Even if you’re hoping to source as many products locally as possible, there can still be a place for big food service suppliers. You may be spending more for local, organic chickens, so save on the big commodities like salt, flour or paper products by using a big food service supplier. Their prices will likely be the most competitive, leaving bigger portions of your budget available for the specialty items that make your dishes unique.

Get Social

More and more, food producers have discovered that they can create more demand for their products by speaking directly to consumers, even though they’re not actually selling directly to consumers. Give them something to talk about by engaging with them on social media. Online reviews are increasingly seen as trustworthy and show that you are taking a vested interested in their product.

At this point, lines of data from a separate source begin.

text \<open>The left-hand side is the tangent of the convex function \<open>u \<mapsto> cosh (b * sqrt u)\<close>
  at \<open>u = c\<^sup>2\<close>.\<close>
lemma cosh_ge_tangent_square_nonneg:
  fixes b c s :: real
  assumes c: "0 < c" and "0 \<le> s" and "0 \<le> b"
  shows "cosh (b * c) + b * sinh (b * c) / (2 * c) * (s\<^sup>2 - c\<^sup>2) \<le> cosh (b * s)"
proof -
  define K where "K = b * sinh (b * c) / (2 * c)"
  define F where "F s = cosh (b * s) - K * s\<^sup>2" for s
  define F' where "F' z = b * sinh (b * z) - K * (2 * z)" for z
  have F': "DERIV F z :> F' z" for z
    unfolding F_def F'_def by (auto intro!: derivative_eq_intros simp: power2_eq_square algebra_simps)
  have sign: "c * F' z = b * (c * sinh (b * z) - z * sinh (b * c))" for z
    using c by (simp add: F'_def K_def field_simps)
  have "F c \<le> F s"
  proof (cases s c rule: linorder_cases)
    case less
    then obtain z where z: "s < z" "z < c" "F c - F s = (c - s) * F' z"
      using MVT2[OF less F'] by blast
    then have "c * F' z \<le> 0"
      using sinh_mult_le_mult_sinh[of z c b] assms unfolding sign
      by (simp add: mult_nonneg_nonpos mult.commute)
    then have "(c - s) * F' z \<le> 0"
      using z c by (simp add: mult_le_0_iff)
    then show ?thesis
      using z(3) by linarith
  next
    case greater
    then obtain z where z: "c < z" "z < s" "F s - F c = (s - c) * F' z"
      using MVT2[OF greater F'] by blast
    then have "0 \<le> c * F' z"
      using sinh_mult_le_mult_sinh[of c z b] assms unfolding sign by (simp add: mult.commute)
    then have "0 \<le> (s - c) * F' z"
      using z c by (simp add: zero_le_mult_iff)
    then show ?thesis
      using z(3) by linarith
  qed simp
  then have "cosh (b * c) + K * (s\<^sup>2 - c\<^sup>2) \<le> cosh (b * s)"
    by (simp add: F_def right_diff_distrib)
  then show ?thesis
    by (simp only: K_def)
qed

lemma cosh_ge_tangent_square:
  fixes b c s :: real
  assumes "0 < c"
  shows "cosh (b * c) + b * sinh (b * c) / (2 * c) * (s\<^sup>2 - c\<^sup>2) \<le> cosh (b * s)"
  using cosh_ge_tangent_square_nonneg[of c "\<bar>s\<bar>" "\<bar>b\<bar>"] assms
  by (cases "0 \<le> b"; cases "0 \<le> s") (simp_all add: abs_if)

By doing this, you will be certain to get their attention. Tag a supplier if you’re posting a photo of a dish made with their ingredients. Snap photos if you go visit their farm or production facilities. The more you can engage with them, the more they’ll also be sharing within their own circles, further expanding upon your network.

Be Generous

While these relationships may help your bottom line, also be generous so that it helps theirs as well. Recommend their products to other restaurants and be sure to let them know that you did so. Use their products to inspire restaurant menu ideas and give them direct feedback on how your customers are responding to their products. Look to them for advice when you are trying to create a particular menu item by bringing them into the process. Also, ask them how you can help them succeed and what items they are particularly excited about? You can guess what their business needs are, but if you ask, you’ll find out for sure and undoubtedly will get insights into things that weren’t even on your radar.

Don’t forget, using supplier, or any relationship, to further your cause only works when it’s mutually beneficial, and done in the spirit of community and true collaboration. Done with the best of intentions, these relationships can be leveraged to help positively impact everyone’s bottom line.